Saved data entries

(* Let $r>1$ and integers $N,K\ge1$. Let $\gamma(r,K,N)$ be the supremum of $$\frac{p^K}{z^K}\sum_{i=1}^{K-1}\frac{z^i}{\sum_{j=i}^Kp^j}$$ over all $p=(p^1,\dots,p^K)$ with $rp^K\ge1$, $\sum_{i=1}^Kp^i=1$, $p^i>0$ for all $i$, where $z^i=(\sum_{j=1}^ip^j)^N-(\sum_{j=1}^{i-1}p^j)^N$. Then $\eta(r,K,N)=\gamma(r,K,N)/(1+\gamma(r,K,N))$.
   Context: Single item auction with $N$ buyers whose values are i.i.d., each taking values $0<x^1<\dots<x^K$ with probabilities $p^i>0$, $\sum_ip^i=1$. With $z^i$ as in the claim and reserve index $t(x,p)=\max\{i: i\in\arg\max_{1\le k\le K}x^k\sum_{j=k}^Kp^j\}$, the efficiency loss ratio of the welfare-maximizing revenue-optimal auction is $\mathrm{ELR}_N(x,p)=\sum_{i=1}^{t(x,p)-1}z^ix^i/\sum_{i=1}^Kz^ix^i$. $\eta(r,K,N)$ is the supremum of $\mathrm{ELR}_N(x,p)$ over all such $p$ and all $x$ with $0<x^1<\dots<x^K\le rx^1$. *)

theory Defs
  imports Complex_Main
begin

text \<open>Value distributions are indexed 1..K: probabilities p i and values x i
  for i in {1..K} (values outside this range are irrelevant).\<close>

definition zz :: "nat \<Rightarrow> (nat \<Rightarrow> real) \<Rightarrow> nat \<Rightarrow> real" where
  "zz N p i = (\<Sum>j\<in>{1..i}. p j) ^ N - (\<Sum>j\<in>{1..<i}. p j) ^ N"

definition valid_prob :: "nat \<Rightarrow> (nat \<Rightarrow> real) \<Rightarrow> bool" where
  "valid_prob K p \<longleftrightarrow> (\<forall>i\<in>{1..K}. p i > 0) \<and> (\<Sum>i\<in>{1..K}. p i) = 1"

definition valid_values :: "real \<Rightarrow> nat \<Rightarrow> (nat \<Rightarrow> real) \<Rightarrow> bool" where
  "valid_values r K x \<longleftrightarrow> 0 < x 1 \<and> (\<forall>i\<in>{1..K}. \<forall>j\<in>{1..K}. i < j \<longrightarrow> x i < x j)
     \<and> x K \<le> r * x 1"

definition revenue :: "nat \<Rightarrow> (nat \<Rightarrow> real) \<Rightarrow> (nat \<Rightarrow> real) \<Rightarrow> nat \<Rightarrow> real" where
  "revenue K x p k = x k * (\<Sum>j\<in>{k..K}. p j)"

definition reserve_idx :: "nat \<Rightarrow> (nat \<Rightarrow> real) \<Rightarrow> (nat \<Rightarrow> real) \<Rightarrow> nat" where
  "reserve_idx K x p = Max {i\<in>{1..K}. \<forall>k\<in>{1..K}. revenue K x p k \<le> revenue K x p i}"

definition ELR :: "nat \<Rightarrow> nat \<Rightarrow> (nat \<Rightarrow> real) \<Rightarrow> (nat \<Rightarrow> real) \<Rightarrow> real" where
  "ELR N K x p = (\<Sum>i\<in>{1..<reserve_idx K x p}. zz N p i * x i) / (\<Sum>i\<in>{1..K}. zz N p i * x i)"

definition eta :: "real \<Rightarrow> nat \<Rightarrow> nat \<Rightarrow> real" where
  "eta r K N = Sup {ELR N K x p | x p. valid_prob K p \<and> valid_values r K x}"

definition gamma :: "real \<Rightarrow> nat \<Rightarrow> nat \<Rightarrow> real" where
  "gamma r K N = Sup {p K / zz N p K * (\<Sum>i\<in>{1..K-1}. zz N p i / (\<Sum>j\<in>{i..K}. p j))
      | p. r * p K \<ge> 1 \<and> valid_prob K p}"

end

theory Submission
  imports Defs
begin

text \<open>
  Write S_i = p_i + ... + p_K and F_i = p_1 + ... + p_i. For values x with reserve t = t(x,p),
  optimality of the reserve gives x_i \<le> x_t S_t / S_i for i < t, while x_i \<ge> x_t for i \<ge> t
  and z_t + ... + z_K = 1 - F_(t-1)^N. Hence ELR \<le> g / (1 + g) with
  g = S_t / (1 - F_(t-1)^N) * \<Sum>_(i<t) z_i / S_i.
  Splitting the atom p_1 into K + 1 - t equal atoms turns p into a distribution q on K atoms
  with q_K = S_t whose \<gamma>-objective is at least g (the split atoms contribute at least
  p_1^N = z_1 / S_1, the others reproduce the remaining terms), and r q_K \<ge> 1 because the
  reserve earns at least x_1 \<ge> x_K / r.
  Conversely, for an admissible q the equal-revenue values x_i = q_K / S_i make every reserve
  optimal, so the tie-break selects t = K and ELR equals \<gamma>(q) / (1 + \<gamma>(q)) exactly.
  Since g \<mapsto> g / (1 + g) is increasing and continuous, the two suprema correspond.
\<close>

lemma sum_telescope_pred:
  fixes f :: "nat \<Rightarrow> 'a::ab_group_add"
  assumes "a \<le> Suc b"
  shows "(\<Sum>i=a..b. f i - f (i - 1)) = f b - f (a - 1)"
  using assms
proof (induction b)
  case 0
  then show ?case by (cases a) auto
next
  case (Suc b)
  then show ?case by (cases "a = Suc (Suc b)") auto
qed

lemma sum_split_at:
  fixes g :: "nat \<Rightarrow> 'a::comm_monoid_add"
  assumes "m \<le> Suc n" "n \<le> k"
  shows "sum g {m..k} = sum g {m..n} + sum g {Suc n..k}"
  using sum.ub_add_nat[of m n g "k - n"] assms by simp

lemma atLeastLessThan_1_eq: "{1..<n} = {1..n - 1::nat}"
  by auto

lemma prefix_sum_pred:
  fixes p :: "nat \<Rightarrow> 'a::comm_monoid_add"
  assumes "1 \<le> i"
  shows "sum p {1..i} = sum p {1..i - 1} + p i"
  using assms by (cases i) (auto simp: add.commute)

context
  fixes K :: nat and p :: "nat \<Rightarrow> real"
  assumes p: "valid_prob K p"
begin

lemma valid_prob_prefix_sum_nonneg: "i \<le> K \<Longrightarrow> 0 \<le> sum p {1..i}"
  using p unfolding valid_prob_def by (intro sum_nonneg) (auto intro: less_imp_le)

lemma valid_prob_tail_sum:
  assumes "1 \<le> i" "i \<le> Suc K"
  shows "sum p {i..K} = 1 - sum p {1..i - 1}"
  using sum_split_at[of 1 "i - 1" K p] p assms unfolding valid_prob_def by simp

lemma valid_prob_tail_sum_pos: "1 \<le> i \<Longrightarrow> i \<le> K \<Longrightarrow> 0 < sum p {i..K}"
  using p unfolding valid_prob_def by (intro sum_pos) auto

lemma valid_prob_prefix_sum_less_1: "i < K \<Longrightarrow> sum p {1..i} < 1"
  using valid_prob_tail_sum[of "Suc i"] valid_prob_tail_sum_pos[of "Suc i"] by simp

lemma valid_prob_prefix_sum_pow_less_1: "i < K \<Longrightarrow> 1 \<le> N \<Longrightarrow> sum p {1..i} ^ N < 1"
  using valid_prob_prefix_sum_less_1[of i] valid_prob_prefix_sum_nonneg[of i]
  by (simp add: power_less_one_iff)

lemma valid_prob_tail_sum_strict_antimono:
  assumes "1 \<le> i" "i < j" "j \<le> K"
  shows "sum p {j..K} < sum p {i..K}"
proof -
  have "sum p {i..K} = sum p {i..j - 1} + sum p {j..K}"
    using sum_split_at[of i "j - 1" K p] assms by simp
  moreover have "0 < sum p {i..j - 1}"
    using p assms unfolding valid_prob_def by (intro sum_pos) auto
  ultimately show ?thesis by simp
qed

end

lemma zz_eq: "zz N p i = sum p {1..i} ^ N - sum p {1..i - 1} ^ N"
  unfolding zz_def atLeastLessThan_1_eq ..

lemma sum_zz: "a \<le> Suc b \<Longrightarrow> (\<Sum>i=a..b. zz N p i) = sum p {1..b} ^ N - sum p {1..a - 1} ^ N"
  unfolding zz_eq by (rule sum_telescope_pred)

lemma zz_nonneg:
  assumes "valid_prob K p" "1 \<le> i" "i \<le> K"
  shows "0 \<le> zz N p i"
proof -
  have "0 \<le> sum p {1..i - 1}" "0 \<le> p i"
    using assms valid_prob_prefix_sum_nonneg[OF assms(1), of "i - 1"]
    by (auto simp: valid_prob_def intro: less_imp_le)
  then show ?thesis
    unfolding zz_eq prefix_sum_pred[OF assms(2)] by (simp add: power_mono)
qed

lemma zz_last:
  assumes "valid_prob K p"
  shows "zz N p K = 1 - sum p {1..K - 1} ^ N"
  using assms unfolding zz_eq valid_prob_def by simp

lemma zz_last_pos:
  assumes "valid_prob K p" "1 \<le> K" "1 \<le> N"
  shows "0 < zz N p K"
proof -
  have "sum p {1..K - 1} ^ N < 1"
    using valid_prob_prefix_sum_pow_less_1[OF assms(1), of "K - 1"] assms(2,3) by simp
  then show ?thesis unfolding zz_last[OF assms(1)] by simp
qed

lemma sum_zz_div_tail_nonneg:
  assumes "valid_prob K q" "n \<le> K"
  shows "0 \<le> (\<Sum>i\<in>{1..n}. zz N q i / sum q {i..K})"
  using assms zz_nonneg[OF assms(1)] valid_prob_tail_sum_pos[OF assms(1)]
  by (intro sum_nonneg divide_nonneg_pos) auto

lemma prefix_sum_pow_le_sum_zz_div_tail:
  assumes "valid_prob K q" "n \<le> K" "1 \<le> N"
  shows "sum q {1..n} ^ N \<le> (\<Sum>i\<in>{1..n}. zz N q i / sum q {i..K})"
proof -
  have "sum q {1..n} ^ N = (\<Sum>i\<in>{1..n}. zz N q i)"
    using sum_zz[of 1 n N q] assms(3) by (simp add: power_0_left)
  also have "\<dots> \<le> (\<Sum>i\<in>{1..n}. zz N q i / sum q {i..K})"
  proof (rule sum_mono)
    fix i assume i: "i \<in> {1..n}"
    have "sum q {i..K} \<le> 1"
      using valid_prob_tail_sum[OF assms(1), of i] valid_prob_prefix_sum_nonneg[OF assms(1), of "i - 1"]
        i assms(2) by auto
    then show "zz N q i \<le> zz N q i / sum q {i..K}"
      using i assms zz_nonneg[OF assms(1), of i N] valid_prob_tail_sum_pos[OF assms(1), of i]
      by (simp add: le_divide_eq mult_left_le)
  qed
  finally show ?thesis .
qed

lemma frac_one_plus_mono:
  fixes a b :: real
  assumes "0 \<le> a" "a \<le> b"
  shows "a / (1 + a) \<le> b / (1 + b)"
  using assms by (simp add: divide_simps algebra_simps)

__EXERCISE PROMPT__
Locate the word "atoms" in the entries, and copy every line where it is found.

__EXERCISE RESPONSE__
  Splitting the atom p_1 into K + 1 - t equal atoms turns p into a distribution q on K atoms
  with q_K = S_t whose \<gamma>-objective is at least g (the split atoms contribute at least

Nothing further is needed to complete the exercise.